section \<open>The looped chain\<close>

lemma infsum_point_mass: "(\<Sum>\<^sub>\<infinity>z. if z = a then v else 0) = (v :: ennreal)"
proof -
  have "(\<Sum>\<^sub>\<infinity>z. if z = a then v else 0) = (\<Sum>\<^sub>\<infinity>z\<in>{a}. if z = a then v else 0)"
    by (rule infsum_cong_neutral) auto
  then show ?thesis
    by simp
qed

lemma infsum_two_point_masses:
  fixes f :: "'a \<Rightarrow> ennreal"
  assumes "0 \<le> c" "0 \<le> d"
  shows "(\<Sum>\<^sub>\<infinity>z. ennreal ((if z = a then c else 0) + (if z = b then d else 0)) * f z)
     = ennreal c * f a + ennreal d * f b"
proof -
  have "(\<Sum>\<^sub>\<infinity>z. ennreal ((if z = a then c else 0) + (if z = b then d else 0)) * f z)
     = (\<Sum>\<^sub>\<infinity>z. (if z = a then ennreal c * f a else 0) + (if z = b then ennreal d * f b else 0))"
    using assms by (intro infsum_cong) (auto simp: distrib_right)
  also have "\<dots> = (\<Sum>\<^sub>\<infinity>z. if z = a then ennreal c * f a else 0) + (\<Sum>\<^sub>\<infinity>z. if z = b then ennreal d * f b else 0)"
    by (intro infsum_add nonneg_summable_on_complete) auto
  finally show ?thesis
    by (simp only: infsum_point_mass)
qed

definition trans_op :: "nat \<Rightarrow> real \<Rightarrow> real \<Rightarrow> (state \<Rightarrow> real) \<Rightarrow> state \<Rightarrow> real" where
  "trans_op r p pc f x = (case x of
       Sharp \<Rightarrow> f (S 1 [])
     | S i \<alpha> \<Rightarrow> p * f (C i \<alpha>) + (1 - p) * f (nxt r i \<alpha>)
     | C i \<alpha> \<Rightarrow> pc * f (S 1 (\<alpha> @ [i])) + (1 - pc) * f (nxt r i \<alpha>))"

definition valid_states :: "nat \<Rightarrow> state set" where
  "valid_states r = {x. case x of
       Sharp \<Rightarrow> True
     | S j \<beta> \<Rightarrow> j \<in> {1..r} \<and> set \<beta> \<subseteq> {1..r}
     | C j \<beta> \<Rightarrow> j \<in> {1..r} \<and> set \<beta> \<subseteq> {1..r}}"

lemma ret_cases:
  assumes "set \<beta> \<subseteq> {1..r}"
  obtains (all_r) k where "\<beta> = replicate k r" "ret r \<beta> = Sharp"
  | (last_below_r) \<gamma> c k where "\<beta> = \<gamma> @ [c] @ replicate k r" "1 \<le> c" "c < r" "ret r \<beta> = S (Suc c) \<gamma>"
proof -
  define d where "d = dropWhile (\<lambda>x. x = r) (rev \<beta>)"
  define k where "k = length (takeWhile (\<lambda>x. x = r) (rev \<beta>))"
  have "takeWhile (\<lambda>x. x = r) (rev \<beta>) = replicate k r"
    unfolding k_def by (rule replicate_length_same[symmetric]) (auto dest: set_takeWhileD)
  then have \<beta>: "\<beta> = rev d @ replicate k r"
    unfolding d_def by (metis rev_append rev_replicate rev_rev_ident takeWhile_dropWhile_id)
  show ?thesis
  proof (cases d)
    case Nil
    moreover have "ret r \<beta> = Sharp"
      unfolding ret_def d_def[symmetric] using Nil by simp
    ultimately show ?thesis
      using all_r \<beta> by simp
  next
    case (Cons c d')
    have "c \<noteq> r"
      using Cons unfolding d_def by (simp add: dropWhile_eq_Cons_conv)
    moreover have "c \<in> {1..r}"
      using assms \<beta> Cons by auto
    moreover have "ret r \<beta> = S (Suc c) (rev d')"
      unfolding ret_def d_def[symmetric] using Cons by simp
    ultimately show ?thesis
      using last_below_r[of "rev d'" c k] \<beta> Cons by simp
  qed
qed

lemma hit_time_eq_defective_mean:
  "hit_time r p pc x y = defective_mean (\<lambda>n. fp r p pc n x y)"
  by (simp add: hit_time_def defective_mean_def)

locale looped_chain =
  fixes r :: nat and p pc :: real
  assumes r_pos: "1 \<le> r" and p_prob: "0 \<le> p" "p \<le> 1" and pc_prob: "0 \<le> pc" "pc \<le> 1"
begin

lemma p_pc_prob: "0 \<le> p * pc" "p * pc \<le> 1"
  using p_prob pc_prob by (simp_all add: mult_le_one)

sublocale markov_operator "trans_op r p pc"
proof
  fix f :: "state \<Rightarrow> real" and x
  assume "\<And>z. 0 \<le> f z"
  then show "0 \<le> trans_op r p pc f x"
    using p_prob pc_prob by (auto simp: trans_op_def split: state.split)
qed (auto simp: trans_op_def algebra_simps split: state.split)

lemma infsum_trans_mult:
  assumes "\<And>z. 0 \<le> f z"
  shows "(\<Sum>\<^sub>\<infinity>z. ennreal (trans r p pc x z) * ennreal (f z)) = ennreal (trans_op r p pc f x)"
proof (cases x)
  case Sharp
  then show ?thesis
    using infsum_two_point_masses[of 1 0 "S 1 []" "S 1 []" "\<lambda>z. ennreal (f z)"]
    by (simp add: trans_def trans_op_def)
next
  case (S i \<alpha>)
  then show ?thesis
    using infsum_two_point_masses[of p "1 - p" "C i \<alpha>" "nxt r i \<alpha>" "\<lambda>z. ennreal (f z)"] p_prob assms
    by (simp add: trans_def trans_op_def ennreal_mult ennreal_plus)
next
  case (C i \<alpha>)
  then show ?thesis
    using infsum_two_point_masses[of pc "1 - pc" "S 1 (\<alpha> @ [i])" "nxt r i \<alpha>" "\<lambda>z. ennreal (f z)"] pc_prob assms
    by (simp add: trans_def trans_op_def ennreal_mult ennreal_plus)
qed

lemma fp_eq_first_passage: "fp r p pc n x y = ennreal (first_passage y n x)"
  by (induction n arbitrary: x) (simp_all add: infsum_trans_mult first_passage_nonneg)

lemma nxt_valid:
  assumes "j \<in> {1..r}" "set \<beta> \<subseteq> {1..r}"
  shows "nxt r j \<beta> \<in> valid_states r"
proof (cases "j < r")
  case True
  then show ?thesis
    using assms by (simp add: nxt_def valid_states_def)
next
  case False
  from assms(2) show ?thesis
  proof (cases rule: ret_cases)
    case (last_below_r \<gamma> c k)
    then show ?thesis
      using False assms by (auto simp: nxt_def valid_states_def)
  qed (use False in \<open>simp_all add: nxt_def valid_states_def\<close>)
qed

lemma closed_valid_states: "closed_set (valid_states r)"
  unfolding closed_set_def
proof (intro ballI allI impI)
  fix x and f g :: "state \<Rightarrow> real"
  assume "x \<in> valid_states r" "\<forall>z\<in>valid_states r. f z = g z"
  then show "trans_op r p pc f x = trans_op r p pc g x"
    using r_pos nxt_valid by (auto simp: trans_op_def valid_states_def split: state.split)
qed

lemma Sharp_valid: "Sharp \<in> valid_states r"
  by (simp add: valid_states_def)

end

section \<open>Hitting probability of a block\<close>

text \<open>Encode \<open>s\<^sub>j\<^sup>\<beta>\<close> by the word \<open>\<beta> \<cdot> j\<close>. Between two visits of \<open>\<sharp>\<close> the chain visits words in
  depth-first order; when \<open>\<nu> r < 1\<close> it moves from each word to its right sibling almost surely,
  and to its first child with probability \<open>\<nu>\<close>. Hence from the word \<open>w\<close> it visits the target
  word \<open>u\<close> before \<open>\<sharp>\<close> with probability \<open>\<nu>\<^sup>k\<close>, where \<open>k\<close> counts the descents still needed, and
  with probability \<open>0\<close> if \<open>u\<close> precedes \<open>w\<close>: this is \<open>reach_weight \<nu> w u\<close>. The same probability
  once the subtree at \<open>w\<close> is finished is \<open>reach_weight_after\<close>, and from \<open>c\<^sub>j\<^sup>\<beta>\<close> it is
  \<open>reach_weight_choice\<close>; the three differ only when \<open>w\<close> is a prefix of \<open>u\<close> (argument \<open>g\<close>).\<close>
fun dfs_weight :: "(nat list \<Rightarrow> real) \<Rightarrow> real \<Rightarrow> nat list \<Rightarrow> nat list \<Rightarrow> real" where
  "dfs_weight g v [] u = g u"
| "dfs_weight g v (x # w) [] = 0"
| "dfs_weight g v (x # w) (y # u) =
     (if x < y then v ^ length u else if y < x then 0 else dfs_weight g v w u)"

▶ _Action item_
Every line from the first entry to the line containing "p) * f (nxt r i \<alpha>)" should be transcribed exactly, and nothing beyond it.

▶ _Exercise output_
section \<open>The looped chain\<close>

lemma infsum_point_mass: "(\<Sum>\<^sub>\<infinity>z. if z = a then v else 0) = (v :: ennreal)"
proof -
  have "(\<Sum>\<^sub>\<infinity>z. if z = a then v else 0) = (\<Sum>\<^sub>\<infinity>z\<in>{a}. if z = a then v else 0)"
    by (rule infsum_cong_neutral) auto
  then show ?thesis
    by simp
qed

lemma infsum_two_point_masses:
  fixes f :: "'a \<Rightarrow> ennreal"
  assumes "0 \<le> c" "0 \<le> d"
  shows "(\<Sum>\<^sub>\<infinity>z. ennreal ((if z = a then c else 0) + (if z = b then d else 0)) * f z)
     = ennreal c * f a + ennreal d * f b"
proof -
  have "(\<Sum>\<^sub>\<infinity>z. ennreal ((if z = a then c else 0) + (if z = b then d else 0)) * f z)
     = (\<Sum>\<^sub>\<infinity>z. (if z = a then ennreal c * f a else 0) + (if z = b then ennreal d * f b else 0))"
    using assms by (intro infsum_cong) (auto simp: distrib_right)
  also have "\<dots> = (\<Sum>\<^sub>\<infinity>z. if z = a then ennreal c * f a else 0) + (\<Sum>\<^sub>\<infinity>z. if z = b then ennreal d * f b else 0)"
    by (intro infsum_add nonneg_summable_on_complete) auto
  finally show ?thesis
    by (simp only: infsum_point_mass)
qed

definition trans_op :: "nat \<Rightarrow> real \<Rightarrow> real \<Rightarrow> (state \<Rightarrow> real) \<Rightarrow> state \<Rightarrow> real" where
  "trans_op r p pc f x = (case x of
       Sharp \<Rightarrow> f (S 1 [])
     | S i \<alpha> \<Rightarrow> p * f (C i \<alpha>) + (1 - p) * f (nxt r i \<alpha>)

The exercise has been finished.